Once you've installed the prerequisites, verify that Redis is operational by running:

 
sudo systemctl status redis

If Redis is running smoothly, you'll see "active (running)" in the status output:

Output
● redis-server.service - Advanced key-value store
     Loaded: loaded (/lib/systemd/system/redis-server.service; enabled; vendor preset: enabled)
     Active: active (running) since Thu 2023-12-21 10:11:36 UTC; 27s ago
       Docs: http://redis.io/documentation, man:redis-server(1)
   Main PID: 6395 (redis-server)
     Status: "Ready to accept connections"
      Tasks: 5 (limit: 2244)
     Memory: 2.5M
        CPU: 153ms
     CGroup: /system.slice/redis-server.service
             └─6395 "/usr/bin/redis-server 127.0.0.1:6379"

Dec 21 10:11:36 bullmq-server systemd[1]: Starting Advanced key-value store...
Dec 21 10:11:36 bullmq-server systemd[1]: Started Advanced key-value store.

This confirms that Redis is active and ready to accept connections.
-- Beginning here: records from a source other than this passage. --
lemma super_matchings_eq_image_insert:
  assumes "finite X" "finite Y" and R: "R \<in> partial_matchings X Y m"
  shows "{R' \<in> partial_matchings X Y (Suc m). R \<subseteq> R'}
       = (\<lambda>p. insert p R) ` ((X - Domain R) \<times> (Y - Range R))"
proof -
  have R_XY: "R \<subseteq> X \<times> Y" and inj_fst: "inj_on fst R" and inj_snd: "inj_on snd R"
    and card_R: "card R = m"
    using R by (auto simp: partial_matchings_def)
  have fin: "finite R" using R_XY assms(1,2) by (rule finite_subset[OF _ finite_cartesian_product])
  show ?thesis
  proof (intro equalityI subsetI)
    fix R' assume "R' \<in> {R' \<in> partial_matchings X Y (Suc m). R \<subseteq> R'}"
    then have R'_XY: "R' \<subseteq> X \<times> Y" and inj': "inj_on fst R'" "inj_on snd R'"
      and card_R': "card R' = Suc m" and sub: "R \<subseteq> R'"
      by (auto simp: partial_matchings_def)
    have "R \<noteq> R'" using card_R' card_R by auto
    then obtain p where p: "p \<in> R'" "p \<notin> R" using sub by blast
    have "insert p R \<subseteq> R'" "card (insert p R) = card R'"
      using p sub fin card_R card_R' by auto
    then have R'_eq: "R' = insert p R"
      using card_R' by (metis card_ge_0_finite card_subset_eq zero_less_Suc)
    have "fst p \<notin> Domain R" "snd p \<notin> Range R"
      using inj' p unfolding R'_eq by (auto simp flip: fst_eq_Domain snd_eq_Range)
    then show "R' \<in> (\<lambda>p. insert p R) ` ((X - Domain R) \<times> (Y - Range R))"
      using R'_eq p R'_XY by (auto intro!: image_eqI[of _ _ p])
  next
    fix R' assume "R' \<in> (\<lambda>p. insert p R) ` ((X - Domain R) \<times> (Y - Range R))"
    then obtain p where p: "p \<in> (X - Domain R) \<times> (Y - Range R)" and R'_eq: "R' = insert p R"
      by blast
    have "p \<notin> R" using p by (auto intro: Domain.intros)
    moreover have "inj_on fst R'" "inj_on snd R'"
      using p inj_fst inj_snd \<open>p \<notin> R\<close> unfolding R'_eq
      by (auto simp: inj_on_insert fst_eq_Domain snd_eq_Range)
    ultimately show "R' \<in> {R' \<in> partial_matchings X Y (Suc m). R \<subseteq> R'}"
      using p R_XY fin card_R unfolding R'_eq by (auto simp: partial_matchings_def)
  qed
qed

lemma card_super_matchings:
  assumes "finite X" "finite Y" and R: "R \<in> partial_matchings X Y m"
  shows "card {R' \<in> partial_matchings X Y (Suc m). R \<subseteq> R'} = (card X - m) * (card Y - m)"
proof -
  have "Domain R \<subseteq> X" "Range R \<subseteq> Y" using R by (auto simp: partial_matchings_def)
  then have "card (X - Domain R) = card X - m" "card (Y - Range R) = card Y - m"
    using card_Domain_Range_partial_matching[OF R] assms(1,2)
    by (simp_all add: card_Diff_subset finite_subset)
  moreover have "inj_on (\<lambda>p. insert p R) ((X - Domain R) \<times> (Y - Range R))"
    by (rule inj_onI) (auto simp: insert_ident Domain.intros)
  ultimately show ?thesis
    unfolding super_matchings_eq_image_insert[OF assms]
    by (simp add: card_image card_cartesian_product)
qed

lemma matching_density_antimono:
  assumes "finite X" "finite Y" "m \<le> n" "partial_matchings X Y n \<noteq> {}"
    and down: "\<And>R R'. R \<subseteq> R' \<Longrightarrow> inj_on fst R' \<Longrightarrow> G R' \<Longrightarrow> G R"
  shows "card {R \<in> partial_matchings X Y n. G R} / card (partial_matchings X Y n)
       \<le> card {R \<in> partial_matchings X Y m. G R} / (card (partial_matchings X Y m) :: real)"
  using assms(3,4)
proof (induction n rule: dec_induct)
  case (step k)
  let ?density = "\<lambda>k. card {R \<in> partial_matchings X Y k. G R} / (card (partial_matchings X Y k) :: real)"
  obtain R' where "R' \<in> partial_matchings X Y (Suc k)" using step.prems by blast
  then have "card {R \<in> partial_matchings X Y k. R \<subseteq> R'} = Suc k" by (rule card_sub_matchings)
  then have "{R \<in> partial_matchings X Y k. R \<subseteq> R'} \<noteq> {}" by (metis card.empty Zero_not_Suc)
  then have "partial_matchings X Y k \<noteq> {}" by blast
  then have "?density k \<le> ?density m" using step.IH by blast
  moreover have "?density (Suc k) \<le> ?density k"
  proof (rule density_le_if_biregular_downward_closed[where rel = "(\<subseteq>)"])
    show "finite (partial_matchings X Y k)" "finite (partial_matchings X Y (Suc k))"
      using assms(1,2) by (auto intro: finite_partial_matchings)
    show "partial_matchings X Y (Suc k) \<noteq> {}" by (fact step.prems)
    show "card {R' \<in> partial_matchings X Y (Suc k). R \<subseteq> R'} = (card X - k) * (card Y - k)"
      if "R \<in> partial_matchings X Y k" for R
      using card_super_matchings[OF assms(1,2) that] .
    show "card {R \<in> partial_matchings X Y k. R \<subseteq> R'} = Suc k"
      if "R' \<in> partial_matchings X Y (Suc k)" for R'
      using card_sub_matchings[OF that] .
    show "G R" if "R \<subseteq> R'" "R' \<in> partial_matchings X Y (Suc k)" "G R'" for R R'
      using down[OF that(1) _ that(3)] that(2) by (simp add: partial_matchings_def)
  qed simp
  ultimately show ?case by linarith
qed simp

lemma bijections_eq_inj_funcset:
  assumes "finite A" "finite B" "card A = card B"
  shows "bijections A B = {f \<in> A \<rightarrow>\<^sub>E B. inj_on f A}"
proof (intro equalityI subsetI)
  fix f assume "f \<in> bijections A B"
  then show "f \<in> {f \<in> A \<rightarrow>\<^sub>E B. inj_on f A}"
    by (auto simp: bijections_def bij_betw_def PiE_def Pi_def)
next
  fix f assume f: "f \<in> {f \<in> A \<rightarrow>\<^sub>E B. inj_on f A}"
  then have "f ` A \<subseteq> B" "card (f ` A) = card B" using assms(3) by (auto simp: card_image)
  then have "f ` A = B" using assms(2) by (simp add: card_subset_eq)
  then show "f \<in> bijections A B" using f by (simp add: bijections_def bij_betw_def PiE_def)
qed

lemma finite_bijections: "finite A \<Longrightarrow> finite B \<Longrightarrow> finite (bijections A B)"
  by (rule finite_subset[OF _ finite_PiE[of A "\<lambda>_. B"]])
    (auto simp: bijections_def bij_betw_def PiE_def)

lemma bijections_nonempty:
  assumes "finite A" "finite B" "card A = card B"
  shows "bijections A B \<noteq> {}"
proof -
  obtain h where "bij_betw h A B" using finite_same_card_bij[OF assms] by blast
  then have "restrict h A \<in> bijections A B" by (simp add: bijections_def)
  then show ?thesis by blast
qed

lemma bijection_exists_if_prob_pos:
  assumes "finite A" "finite B" "card A = card B" "measure_pmf.prob (unif_bij A B) E > 0"
  shows "\<exists>\<sigma>\<in>bijections A B. \<sigma> \<in> E"
  using measure_pmf_zero_iff[of "unif_bij A B" E] assms
  by (auto simp: unif_bij_def finite_bijections bijections_nonempty)

lemma cond_prob_pmf_of_set:
  assumes "finite S" "S \<noteq> {}"
  shows "cond_prob (pmf_of_set S) E C = card (S \<inter> E \<inter> C) / card (S \<inter> C)"
  using assms by (simp add: cond_prob_def measure_pmf_of_set Int_assoc card_gt_0_iff)

lemma card_image_Diff_le: "finite S \<Longrightarrow> card (f ` S - T) \<le> card S"
  by (meson Diff_subset card_image_le card_mono finite_imageI order_trans)

definition matched_part :: "'a set \<Rightarrow> 'b set \<Rightarrow> ('a \<Rightarrow> 'b) \<Rightarrow> ('a \<times> 'b) set" where
  "matched_part A' B' \<sigma> = {(x, \<sigma> x) | x. x \<in> A' \<and> \<sigma> x \<in> B'}"

text \<open>For R the matched part of \<sigma>, this says \<sigma>(A_i) \<noteq> B_i for all i
  (see image_eq_iff_matched_part).\<close>

definition maps_none_onto :: "nat \<Rightarrow> (nat \<Rightarrow> 'a set) \<Rightarrow> (nat \<Rightarrow> 'b set) \<Rightarrow> ('a \<times> 'b) set \<Rightarrow> bool" where
  "maps_none_onto k AA BB R \<longleftrightarrow> (\<forall>i\<in>{1..k}. \<not> (AA i \<subseteq> Domain R \<and> R `` AA i = BB i))"

lemma maps_none_onto_subset:
  assumes "R \<subseteq> R'" "inj_on fst R'" "maps_none_onto k AA BB R'"
  shows "maps_none_onto k AA BB R"
  unfolding maps_none_onto_def
proof (intro ballI notI)
  fix i assume i: "i \<in> {1..k}" and onto: "AA i \<subseteq> Domain R \<and> R `` AA i = BB i"
  have "R' `` AA i \<subseteq> R `` AA i"
  proof
    fix y assume "y \<in> R' `` AA i"
    then obtain x where x: "x \<in> AA i" "(x, y) \<in> R'" by blast
    then obtain y' where "(x, y') \<in> R" using onto by blast
    moreover have "y' = y"
      using inj_onD[OF assms(2), of "(x, y')" "(x, y)"] x \<open>(x, y') \<in> R\<close> assms(1) by auto
    ultimately show "y \<in> R `` AA i" using x by blast
  qed
  then have "AA i \<subseteq> Domain R' \<and> R' `` AA i = BB i" using onto assms(1) by blast
  then show False using assms(3) i unfolding maps_none_onto_def by blast
qed

lemma image_eq_iff_matched_part:
  assumes "S \<subseteq> A'" "T \<subseteq> B'"
  shows "\<sigma> ` S = T \<longleftrightarrow> S \<subseteq> Domain (matched_part A' B' \<sigma>) \<and> matched_part A' B' \<sigma> `` S = T"
proof -
  have dom: "Domain (matched_part A' B' \<sigma>) = {x \<in> A'. \<sigma> x \<in> B'}"
    and img: "matched_part A' B' \<sigma> `` S = \<sigma> ` (S \<inter> {x \<in> A'. \<sigma> x \<in> B'})"
    unfolding matched_part_def by force+
  have "S \<subseteq> {x \<in> A'. \<sigma> x \<in> B'}" if "\<sigma> ` S = T" using that assms by auto
  then show ?thesis unfolding dom img by (auto simp: Int_absorb2)
qed

lemma matched_part_eq_iff:
  assumes "R \<subseteq> A' \<times> B'"
  shows "matched_part A' B' \<sigma> = R \<longleftrightarrow>
    (\<forall>(x, y)\<in>R. \<sigma> x = y) \<and> (\<forall>x\<in>A' - Domain R. \<sigma> x \<notin> B')"
  using assms unfolding matched_part_def by (auto 4 3)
If the output shows "Active: inactive (dead)," it indicates that Redis isn't running. In this case, start the service with:

 
sudo systemctl restart redis.service

Step 1 — Setting up the project directory

With Redis operational, begin by cloning the essential code from the GitHub repository:

 
git clone https://github.com/betterstack-community/bullmq-scheduled-tasks.git

Navigate to the newly created directory:

 
cd bullmq-scheduled-tasks

Next, use the npm command to install the necessary dependencies listed in the package.json file. This includes essential libraries like BullMQ for task scheduling and date-fns for manipulating dates:

 
npm install

Once all the dependencies are installed, you can start scheduling tasks with BullMQ in the following steps.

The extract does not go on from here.